Abby: Family Challenges

Since Abby’s youngest brother, Adam, in his early 20s, still lived at home when her mother came home from the hospital, he attempted to monitor his mom and take care of her. When this situation contributed to Adam’s anxiety, her sister Julie and her husband moved in to help monitor Mandy. Day treatment programs did not have openings for three weeks, which meant follow-up treatment was not immediately available after discharge.

Abby's father, Ken, accompanied Mandy to her psychiatric appointments, because he wanted to know the plan for treatment. When Mandy’s psychiatrist did not seem to be helping her, he sought to find another psychiatrist but could not get an appointment for weeks. Meanwhile Mandy continued to get worse. Since Ken was traveling for work, her sister Julie slept in the same bed with her mother because Mandy would not sleep by herself. Julie told Abby her mother “got this crazy look in her eyes and couldn’t calm down.” Once again Mandy needed inpatient care.

During her second hospitalization, Mandy was diagnosed with an eating disorder and had a nasogastric tube inserted for nutrition since she was not eating. She said the devil told her not to drink water, so she would not take a shower or brush her teeth. After two weeks in inpatient care and no change in symptoms, the family was offered three optionsan eating disorders program, ECT (electroconvulsive therapy), or a day treatment program. The family opted for either the eating disorders program or day treatment. However, Mandy did not qualify for either program because her mental illness was deemed too severe. She had six ECT treatments and was released once again with no aftercare program. When Abby’s father switched jobs, Mandy could not get care for another month until eligible for health insurance.

Note: ECT (electroconvulsive therapy) may be prescribed when medications do not work. ECT, which produces mild seizures, seems to cause changes in brain chemistry that reverses symptoms of certain mental health conditions. Although much less traumatic than in the past, a side effect could be temporary memory loss.

People [family members] were trading off basically babysitting her.

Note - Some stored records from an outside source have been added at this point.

definition has_cycle :: "int \<Rightarrow> int \<Rightarrow> bool" where
  "has_cycle n k \<longleftrightarrow> (\<exists>v. (v, v) \<in> (Gedges n k)\<^sup>+)"

definition tail :: "int \<Rightarrow> int \<Rightarrow> int set" where
  "tail n k = {v. (k, v) \<in> (Gedges n k)\<^sup>* \<and> (v, (n - 2) mod (k + 1)) \<in> (Gedges n k)\<^sup>*}"

end

theory Submission
  imports Defs
begin

(* Every vertex v other than the sink (n-2) mod (k+1) has exactly one out-edge, to succ v, and
   succ is injective there, so a vertex on a cycle has only cycle vertices as successors and
   cannot lie on the tail. If there is no cycle, following out-edges from any vertex ends in the
   sink and following in-edges ends in k, so every vertex lies on the tail.

   Conversely, adding 1 to both ends of an edge u -> succ u gives an edge unless u + 1 is the
   sink or succ u = k - 1. Hence if k - 1 and the vertex (n-3) mod (k+1) before the sink are off
   all cycles, the finite set of cycle vertices is closed under v |-> v + 1 and so empty; the
   same argument with v |-> v - 1 handles 0 and the vertex (n-1) mod (k+1) after the sink. If 0
   and k - 1 are off all cycles but both neighbours p, q of the sink are on cycles, then succ
   maps the set P of cycle vertices u with u + 1 also on a cycle injectively into itself, hence
   onto itself; but succ q = succ p + 1 puts succ p into P, so p is in P and the sink p + 1
   would be on a cycle. *)

lemma rtrancl_to_target_if_acyclic:
  assumes "finite R" "acyclic R" "x \<in> S"
    and "\<And>y. y \<in> S \<Longrightarrow> y \<noteq> t \<Longrightarrow> \<exists>z\<in>S. (y, z) \<in> R"
  shows "(x, t) \<in> R\<^sup>*"
  using finite_acyclic_wf_converse[OF assms(1,2)] assms(3)
proof (induction x rule: wf_induct_rule)
  case (less x)
  show ?case
  proof (cases "x = t")
    case False
    then obtain z where z: "z \<in> S" "(x, z) \<in> R" using assms(4)[OF less.prems] by blast
    then have "(z, t) \<in> R\<^sup>*" using less.IH by simp
    with z(2) show ?thesis by (rule converse_rtrancl_into_rtrancl)
  qed simp
qed

lemma single_valued_cycle_rtrancl:
  assumes "single_valued R" "(x, y) \<in> R\<^sup>*" "(x, x) \<in> R\<^sup>+"
  shows "(y, y) \<in> R\<^sup>+"
  using assms(2,3)
proof (induction rule: rtrancl_induct)
  case (step y z)
  obtain w where "(y, w) \<in> R" "(w, y) \<in> R\<^sup>*"
    using tranclD[OF step.IH[OF step.prems]] by blast
  then have "(z, y) \<in> R\<^sup>*"
    using single_valuedD[OF assms(1) step.hyps(2)] by simp
  then show ?case using step.hyps(2) by (rule rtrancl_into_trancl1)
qed

lemma trancl_map_closed:
  assumes closed: "\<And>x y. x \<in> C \<Longrightarrow> (x, y) \<in> R \<Longrightarrow> y \<in> C"
    and map: "\<And>x y. x \<in> C \<Longrightarrow> (x, y) \<in> R \<Longrightarrow> (g x, g y) \<in> R"
    and "(x, y) \<in> R\<^sup>+" "x \<in> C"
  shows "(g x, g y) \<in> R\<^sup>+"
proof -
  from \<open>(x, y) \<in> R\<^sup>+\<close> have "(g x, g y) \<in> R\<^sup>+ \<and> y \<in> C"
  proof (induction rule: trancl_induct)
    case (base y)
    then show ?case using closed[OF \<open>x \<in> C\<close>] map[OF \<open>x \<in> C\<close>] by blast
  next
    case (step y z)
    then have "y \<in> C" "(g x, g y) \<in> R\<^sup>+" by simp_all
    then show ?case using closed[OF _ step(2)] map[OF _ step(2)] trancl_into_trancl by metis
  qed
  then show ?thesis ..
qed

lemma finite_translation_closed_empty:
  fixes A :: "int set"
  assumes "finite A" "d \<noteq> 0" "\<And>x. x \<in> A \<Longrightarrow> x + d \<in> A"
  shows "A = {}"
proof
  show "A \<subseteq> {}"
  proof
    fix x assume "x \<in> A"
    have "x + int j * d \<in> A" for j
    proof (induction j)
      case (Suc j)
      then show ?case using assms(3)[OF Suc] by (simp add: algebra_simps)
    qed (use \<open>x \<in> A\<close> in simp)
    then have "range (\<lambda>j. x + int j * d) \<subseteq> A" by auto
    then have "finite (range (\<lambda>j. x + int j * d))" using assms(1) by (rule finite_subset)
    moreover have "inj (\<lambda>j. x + int j * d)" using assms(2) by (intro injI) simp
    ultimately have "finite (UNIV :: nat set)" by (rule finite_imageD)
    then show "x \<in> {}" by simp
  qed
qed simp

lemma mem_if_image_mem_invariant:
  assumes "finite P" "f ` P \<subseteq> P" "inj_on f (insert x P)" "f x \<in> P"
  shows "x \<in> P"
proof -
  have "f ` P = P" using endo_inj_surj assms(1,2) inj_on_subset[OF assms(3)] by blast
  then obtain u where "u \<in> P" "f x = f u" using assms(4) by blast
  then show ?thesis using assms(3) by (metis inj_on_eq_iff insertCI)
qed

locale G_graph =
  fixes n k :: int
  assumes k_pos: "1 \<le> k"
begin

abbreviation E :: "(int \<times> int) set" where "E \<equiv> Gedges n k"

definition sink :: int where "sink = (n - 2) mod (k + 1)"

text \<open>A vertex \<open>a \<noteq> sink\<close> is the source of the edge with index \<open>i = label a + 1\<close>;
  \<open>label\<close> is a bijection of \<open>{0..k}\<close> sending the sink to \<open>k\<close>.\<close>
definition label :: "int \<Rightarrow> int" where "label v = (v - n + 1) mod (k + 1)"

definition succ :: "int \<Rightarrow> int" where "succ v = (label v + n) mod k"

lemma label_bounds: "0 \<le> label v" "label v \<le> k"
  using k_pos pos_mod_bound[of "k + 1" "v - n + 1"] by (simp_all add: label_def)

lemma succ_bounds: "0 \<le> succ v" "succ v < k"
  using k_pos by (simp_all add: succ_def)

lemma label_vertex: "label ((j + n - 1) mod (k + 1)) = j mod (k + 1)"
proof -
  have "label ((j + n - 1) mod (k + 1)) = ((j + n - 1) mod (k + 1) - (n - 1)) mod (k + 1)"
    by (simp add: label_def algebra_simps)
  also have "\<dots> = j mod (k + 1)" by (simp add: mod_diff_left_eq)
  finally show ?thesis .
qed

lemma label_eq_iff:
  assumes "0 \<le> v" "v \<le> k"
  shows "label v = label c \<longleftrightarrow> v = c mod (k + 1)"
proof -
  have "label v = label c \<longleftrightarrow> v mod (k + 1) = c mod (k + 1)"
    by (simp add: label_def mod_eq_dvd_iff)
  then show ?thesis using assms by simp
qed

lemma label_sink: "label sink = k"
  using label_vertex[of "-1"] k_pos by (simp add: sink_def zmod_minus1)

lemma label_eq_k_iff: "0 \<le> v \<Longrightarrow> v \<le> k \<Longrightarrow> label v = k \<longleftrightarrow> v = sink"
  using label_eq_iff[of v sink] label_sink by (simp add: sink_def)

lemma label_inj: "0 \<le> a \<Longrightarrow> a \<le> k \<Longrightarrow> 0 \<le> b \<Longrightarrow> b \<le> k \<Longrightarrow> label a = label b \<Longrightarrow> a = b"
  using label_eq_iff[of a b] by simp

lemma Gedges_iff: "(a, b) \<in> E \<longleftrightarrow> 0 \<le> a \<and> a \<le> k \<and> a \<noteq> sink \<and> b = succ a"
proof
  assume "(a, b) \<in> E"
  then obtain i where i: "1 \<le> i" "i \<le> k" "a = (i + n - 2) mod (k + 1)" "b = (i + n - 1) mod k"
    unfolding Gedges_def by blast
  have label_a: "label a = i - 1" using label_vertex[of "i - 1"] i by (simp add: algebra_simps)
  have "0 \<le> a" "a \<le> k" using i(3) k_pos pos_mod_bound[of "k + 1" "i + n - 2"] by simp_all
  moreover have "a \<noteq> sink" using label_a label_sink i(2) by auto
  moreover have "b = succ a" unfolding succ_def label_a using i(4) by (simp add: algebra_simps)
  ultimately show "0 \<le> a \<and> a \<le> k \<and> a \<noteq> sink \<and> b = succ a" by blast
next
  assume a: "0 \<le> a \<and> a \<le> k \<and> a \<noteq> sink \<and> b = succ a"
  define i where "i = label a + 1"
  have i: "1 \<le> i" "i \<le> k"
    using label_bounds[of a] label_eq_k_iff[of a] a by (auto simp: i_def)
  have "label ((i + n - 2) mod (k + 1)) = label a"
    using label_vertex[of "label a"] label_bounds[of a] by (simp add: i_def algebra_simps)
  then have "a = (i + n - 2) mod (k + 1)"
    using label_inj a k_pos pos_mod_bound[of "k + 1" "i + n - 2"] by simp
  moreover have "b = (i + n - 1) mod k" using a unfolding i_def succ_def by (simp add: algebra_simps)
  ultimately show "(a, b) \<in> E" unfolding Gedges_def using i by blast
qed

lemma finite_Gedges: "finite E"
  by (rule finite_subset[of _ "{0..k} \<times> {0..<k}"]) (auto simp: Gedges_iff succ_bounds)

lemma single_valued_Gedges: "single_valued E"
  by (auto simp: single_valued_def Gedges_iff)

lemma in_edge_exists:
  assumes "0 \<le> b" "b < k"
  shows "\<exists>a \<in> {0..k}. (a, b) \<in> E"
proof -
  define a where "a = ((b - n) mod k + n - 1) mod (k + 1)"
  have a: "0 \<le> a" "a \<le> k" using k_pos pos_mod_bound[of "k + 1"] by (auto simp: a_def)
  have "0 \<le> (b - n) mod k" "(b - n) mod k < k" using k_pos by simp_all
  then have label_a: "label a = (b - n) mod k"
    using label_vertex[of "(b - n) mod k"] by (simp add: a_def)
  then have "a \<noteq> sink" using \<open>(b - n) mod k < k\<close> label_sink by auto
  moreover have "succ a = b" using label_a assms by (simp add: succ_def mod_add_left_eq)
  ultimately show ?thesis using a by (auto simp: Gedges_iff)
qed

lemma succ_inj_on: "inj_on succ ({0..k} - {sink})"
proof (rule inj_onI)
  fix a b assume ab: "a \<in> {0..k} - {sink}" "b \<in> {0..k} - {sink}" "succ a = succ b"
  have "label a < k" "label b < k"
    using ab label_bounds label_eq_k_iff by (auto simp: le_less)
  moreover have "label a mod k = label b mod k"
    using ab(3) by (simp add: succ_def mod_eq_dvd_iff)
  ultimately have "label a = label b" using label_bounds by simp
  then show "a = b" using ab label_inj by auto
qed

lemma succ_step:
  assumes "label b mod k = (label a + 1) mod k"
  shows "succ b = (succ a + 1) mod k"
proof -
  have "succ b = (label b mod k + n) mod k" by (simp add: succ_def mod_simps)
  also have "\<dots> = ((label a + 1) mod k + n) mod k" using assms by simp
  also have "\<dots> = (succ a + 1) mod k" by (simp add: succ_def mod_simps ac_simps)
  finally show ?thesis .
qed

text \<open>The vertices before and after the sink are the sources of the last and the first edge.\<close>
lemma succ_around_sink: "succ ((n - 1) mod (k + 1)) = (succ ((n - 3) mod (k + 1)) + 1) mod k"
proof -
  have "(-2) mod (k + 1) = (k - 1 + (k + 1) * (-1)) mod (k + 1)" by simp
  also have "\<dots> = k - 1" using k_pos by (simp only: mod_mult_self2) simp
  finally have "label ((n - 3) mod (k + 1)) = k - 1" "label ((n - 1) mod (k + 1)) = 0"
    using label_vertex[of "-2"] label_vertex[of 0] by simp_all
  then show ?thesis by (intro succ_step) simp
qed

lemma edge_shift:
  assumes "0 \<le> a" "a + 1 \<le> k" "a \<noteq> sink" "a + 1 \<noteq> sink" "0 \<le> b" "b + 1 < k"
  shows "(a, b) \<in> E \<longleftrightarrow> (a + 1, b + 1) \<in> E"
proof -
  have "label a < k" using assms label_bounds[of a] label_eq_k_iff[of a] by (auto simp: le_less)
  have "label (a + 1) = ((a - n + 1) + 1) mod (k + 1)" by (simp add: label_def algebra_simps)
  also have "\<dots> = (label a + 1) mod (k + 1)" by (simp add: label_def mod_add_left_eq)
  also have "\<dots> = label a + 1" using \<open>label a < k\<close> label_bounds[of a] by simp
  finally have "succ (a + 1) = (succ a + 1) mod k" by (intro succ_step) simp
  then have "succ a = b \<longleftrightarrow> succ (a + 1) = b + 1"
    using succ_bounds[of a] assms(5,6) by (cases "succ a = k - 1") auto
  then show ?thesis using assms by (auto simp: Gedges_iff)
qed

definition on_cycle :: "int \<Rightarrow> bool" where "on_cycle v \<longleftrightarrow> (v, v) \<in> E\<^sup>+"

lemma has_cycle_iff: "has_cycle n k \<longleftrightarrow> (\<exists>v. on_cycle v)"
  by (simp add: has_cycle_def on_cycle_def)

lemma on_cycle_bounds:
  assumes "on_cycle v"
  shows "0 \<le> v" "v < k" "v \<noteq> sink"
proof -
  have "(v, v) \<in> E\<^sup>+" using assms by (simp add: on_cycle_def)
  then obtain u w where "(v, w) \<in> E" "(u, v) \<in> E" by (meson tranclD tranclD2)
  then show "0 \<le> v" "v < k" "v \<noteq> sink" using succ_bounds by (auto simp: Gedges_iff)
qed

lemma on_cycle_rtrancl:
  assumes "on_cycle v" "(v, w) \<in> E\<^sup>*"
  shows "on_cycle w"
  using single_valued_cycle_rtrancl[OF single_valued_Gedges assms(2)] assms(1)
  by (simp add: on_cycle_def)

lemma on_cycle_succ:
  assumes "on_cycle v"
  shows "on_cycle (succ v)"
proof -
  have "(v, succ v) \<in> E" using on_cycle_bounds[OF assms] by (simp add: Gedges_iff)
  then show ?thesis using on_cycle_rtrancl[OF assms] by blast
qed

lemma on_cycle_not_in_tail:
  assumes "on_cycle v"
  shows "v \<notin> tail n k"
proof
  assume "v \<in> tail n k"
  then have "(v, sink) \<in> E\<^sup>*" by (simp add: tail_def sink_def)
  then have "on_cycle sink" by (rule on_cycle_rtrancl[OF assms])
  then show False using on_cycle_bounds(3) by blast
qed

lemma in_tail_if_no_cycle:
  assumes "\<not> has_cycle n k" "0 \<le> v" "v \<le> k"
  shows "v \<in> tail n k"
proof -
  have acyclic: "acyclic E" using assms(1) by (simp add: acyclic_def has_cycle_def)
  have "(v, sink) \<in> E\<^sup>*"
    by (rule rtrancl_to_target_if_acyclic[OF finite_Gedges acyclic, of v "{0..k}"])
      (use assms succ_bounds less_imp_le[OF succ_bounds(2)] in \<open>auto simp: Gedges_iff\<close>)
  moreover have "(v, k) \<in> (E\<inverse>)\<^sup>*"
  proof (rule rtrancl_to_target_if_acyclic)
    show "finite (E\<inverse>)" "acyclic (E\<inverse>)" "v \<in> {0..k}"
      using finite_Gedges acyclic assms by simp_all
    fix y assume "y \<in> {0..k}" "y \<noteq> k"
    then show "\<exists>z\<in>{0..k}. (y, z) \<in> E\<inverse>" using in_edge_exists[of y] by auto
  qed
  ultimately show ?thesis by (simp add: tail_def sink_def rtrancl_converse)
qed

lemma no_cycle_if_translation_closed:
  assumes "d \<noteq> 0" and shift: "\<And>v. on_cycle v \<Longrightarrow> (v + d, succ v + d) \<in> E"
  shows "\<not> on_cycle v"
proof -
  have "on_cycle (v + d)" if "on_cycle v" for v
    using trancl_map_closed[of "Collect on_cycle" E "\<lambda>x. x + d" v v] that shift on_cycle_succ
    by (auto simp: on_cycle_def[symmetric] Gedges_iff)
  moreover have "finite (Collect on_cycle)"
    by (rule finite_subset[of _ "{0..k}"]) (auto simp: on_cycle_bounds(1) less_imp_le[OF on_cycle_bounds(2)])
  ultimately have "Collect on_cycle = {}"
    using finite_translation_closed_empty assms(1) by blast
  then show ?thesis by blast
qed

I was pretty removed from it. I have a child. I can’t take care of my daughter and me and mom. I can’t do that, so I stressed that if it’s to the point where people can’t help anymore, she needs to go back into inpatient care. Julie [Abby's sister] has not been able to set boundaries. Then Adam (Abby's youngest brother] moved in with Julie because my mom was following him around when he was living there. His anxiety got really bad because my mom talked a lot about the devil and going to hell.

When the family discovered they would need to wait two or three weeks for an opening in day treatment, Mandy was hospitalized a third time once health insurance was in place. She remained in the emergency room for five days until a bed on the unit opened up. She again received ECT treatment. During Mandy’s hospitalization, Ken was scheduled for surgery for cancer on the same day Mandy received her eighth ECT treatment.

Although Ken is now back home, he is not up to managing the additional stress of caring for Mandy. She is currently in a crisis residence, and going to day treatment. Abby sees improvements with Mandy’s current therapy, which includes ECT.

She’s finally out of the fog, which is good, but it’s really hard for her. She knows she missed the wedding in September. She’s having a hard time. But it is good she finally knows what’s going on. She said she’s feeling like things aren’t evil anymore.

Although not all family members agree on the best treatment for Mandy, they are communicating about possible options for aftercare for her, including a stay at an Intensive Residential Treatment Services (IRTS) facility.

Note: Intensive Residential Treatment Services (IRTS) provide mental health services in a 16-bed residential setting that focuses on managing symptoms and medication, learning coping skills, and socialization. Stays are up to three months, but may be shorter if the client is stable and has a safe living situation in the community.

Abby’s aunt (Mandy’s sister) criticized the family’s response to Mandy’s crisis. While at home Mandy had called people saying she was scared and was going to get killed. Abby’s aunt decided to help, but her actions were not helpful for family members. During one of Mandy’s hospitalizations, her aunt sent texts to Abby and Adam, admonishing them to go visit their mom.

She sent me a text the day after my dad’s surgery telling my brother and me that we need to go visit my mom. We just didn’t respond. I had a really big work project for my new job. It was Monday, my dad’s surgery, and my first big work project. Thursday was my next work project presentation and she ended up texting me also on Thursday—a group text to 10 people saying, “Abby, when is the last time you visited your mom?” My dad ended up talking to her. “This is not what my family needs right now.”

Abby did not know how to deal with her aunt and was grateful for her father’s advocacy. She is juggling a new job, parenting, and an upcoming move to a new house. She explained that she and her brother have a right to choose their level of involvement and do not need to feel additional guilt in response to their aunt’s actions.

I know from the outside it’s so easy to say someone should do something differently. But when you’re in it—we’re in survival mode right now. Everyone is doing as much and as best as they can. . .They don’t know what you’ve been through.